Primero, la selección de Chichén Itzá como una de las nuevas siete maravillas, que ocurrió el año pasado, ha tenido el efecto inmediato de aumentar las visitas diarias a la pirámide maya a más de 12, 000 personas. Incluso antes del concierto de Domingo, arqueólogos, antropólogos, locales y activistas habían expresado su preocupación por el impacto de miles de personas en las ruinas antiguas.

En segundo lugar, los críticos se mostraron escépticos respecto de los organizadores del concierto, los funcionarios del gobierno y las propias garantías de Domingo de que "nos hemos ocupado de todos los detalles para llevar a cabo este evento" de una manera que proteja la integridad arqueológica de la pirámide y los terrenos. Un arqueólogo incluso presentó una denuncia penal contra los organizadores por degradar este sitio sagrado.

Tercero, los boletos para el evento cuestan entre $ 45 y $ 900. Y esto en un país donde el salario mínimo promedio es de $ 4.50. Un día.

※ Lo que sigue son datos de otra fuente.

lemma (in finite_measure) countable_atoms:
  fixes g :: "'a \<Rightarrow> real"
  assumes [measurable]: "g \<in> borel_measurable M"
  obtains N where "countable N" "\<And>t. t \<notin> N \<Longrightarrow> AE x in M. g x \<noteq> t"
proof
  interpret image: finite_measure "distr M borel g"
    by (rule finite_measure_distr) simp
  show "countable {t. measure (distr M borel g) {t} \<noteq> 0}"
    by (rule image.countable_support)
  fix t
  assume "t \<notin> {t. measure (distr M borel g) {t} \<noteq> 0}"
  then have "emeasure M {x\<in>space M. g x = t} = 0"
    by (simp add: measure_distr emeasure_eq_measure vimage_def Int_def conj_commute)
  then show "AE x in M. g x \<noteq> t"
    by (subst AE_iff_measurable[OF _ refl]) auto
qed

lemma has_bochner_integral_lborel_countable_diff:
  fixes f g :: "real \<Rightarrow> 'b::{banach, second_countable_topology}"
  assumes f: "has_bochner_integral lborel f I" and "countable N" and eq: "\<And>t. t \<notin> N \<Longrightarrow> g t = f t"
  shows "has_bochner_integral lborel g I"
proof -
  have f_meas: "f \<in> borel_measurable lborel"
    using f by (rule borel_measurable_has_bochner_integral)
  have g_meas: "g \<in> borel_measurable lborel"
    by (rule measurable_discrete_difference[OF f_meas \<open>countable N\<close>]) (use eq in auto)
  have "AE t in lborel. \<forall>c\<in>N. t \<noteq> c"
    using \<open>countable N\<close> by (subst AE_ball_countable) (auto intro: AE_lborel_singleton)
  then have "AE t in lborel. f t = g t"
    by eventually_elim (metis eq)
  with f show ?thesis
    using has_bochner_integral_cong_AE[OF f_meas g_meas] by simp
qed
(* Let $0<a<m<b<1$ and let $g(u)=0$ if $u<a$, $g(u)=1$ if $a\le u\le b$, $g(u)=m$ if $u>b$. Let $k:\mathbb R\to\mathbb R$ be a piecewise differentiable function satisfying: (H1) $k\ge 0$ and $\int_{-\infty}^{\infty}k(x)\,dx=1$; (H2) $k(x)=k(-x)$ for all $x$; (H3) $k(x)>0$ on $(-\sigma,\sigma)$ for some $0<\sigma\le\infty$; (H4) for all $\lambda\in(0,1)$ and $A>B$, $x\mapsto k(x-A)-\lambda k(x-B)$ has fewer than $2$ sign changes; (H5) for all $\lambda\in(0,1)$ and $A>B$, $x\mapsto k(x-r-A)-\lambda k(x-r-B)-k(x+r+A)+\lambda k(x+r+B)$ has fewer than $4$ sign changes for all sufficiently large $r>0$. Let $Q[u](x)=\int_{-\infty}^{\infty}k(x-y)g(u(y))\,dy$, $w_1(x)=\int_x^\infty k(y)\,dy$, $c^*=\tfrac12\sup\{x: Q[w_1](x)=a\}$, $w_2(x)=Q[w_1](x+c^* )$, and $W_n(x)=w_1(x-nc^* )$ for $n$ even, $W_n(x)=w_2(x-nc^* )$ for $n$ odd. For $i=1,2$ let $\Phi_i(\ell)=\sup\{x\in\mathbb R: w_i(x)=\ell\}$, and for $\ell\in(0,m)$ let $\xi_n(\ell)=\sup\{x\in\mathbb R: W_n(x)=\ell\}$ and, for $n\ge1$, $c_n(\ell)=\xi_n(\ell)-\xi_{n-1}(\ell)$. Assume $\|w_2\|_\infty<b$. Then for all $\ell\in(0,m)$ and all $n\ge1$, $c_n(\ell)=c^*+\Phi_1(\ell)-\Phi_2(\ell)$ if $n$ is even, and $c_n(\ell)=c^*+\Phi_2(\ell)-\Phi_1(\ell)$ if $n$ is odd.
   Context: $\|\cdot\|_\infty$ is the supremum norm. *)

theory Defs
  imports "HOL-Analysis.Analysis"
begin

definition gfun :: "real \<Rightarrow> real \<Rightarrow> real \<Rightarrow> real \<Rightarrow> real" where
  "gfun a m b u = (if u < a then 0 else if u \<le> b then 1 else m)"

definition piecewise_diff :: "(real \<Rightarrow> real) \<Rightarrow> bool" where
  "piecewise_diff k \<longleftrightarrow> (\<exists>S. (\<forall>p q. finite (S \<inter> {p..q})) \<and> (\<forall>x. x \<notin> S \<longrightarrow> k differentiable (at x)))"

definition sign_changes_ge :: "(real \<Rightarrow> real) \<Rightarrow> nat \<Rightarrow> bool" where
  "sign_changes_ge f n \<longleftrightarrow> (\<exists>x :: nat \<Rightarrow> real.
      (\<forall>i<n. x i < x (Suc i)) \<and> (\<forall>i<n. f (x i) * f (x (Suc i)) < 0))"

Según los informes, los funcionarios del Instituto Nacional de Antropología e Historia de México (NIAH) resisten la presión de los políticos locales, organizadores de conciertos y eventos y cineastas que desean apropiarse de sitios históricamente valiosos y vulnerables. Benito Taibo, portavoz de NIAH, fue citado por el diario en inglés de la Ciudad de México, The News, diciendo:

“Recibimos llamadas de [organizadores que] siempre dicen: 'Haremos que su sitio sea famoso …'. Respondemos: 'Gracias, pero ya es famoso. No nos hagas ningún favor '”.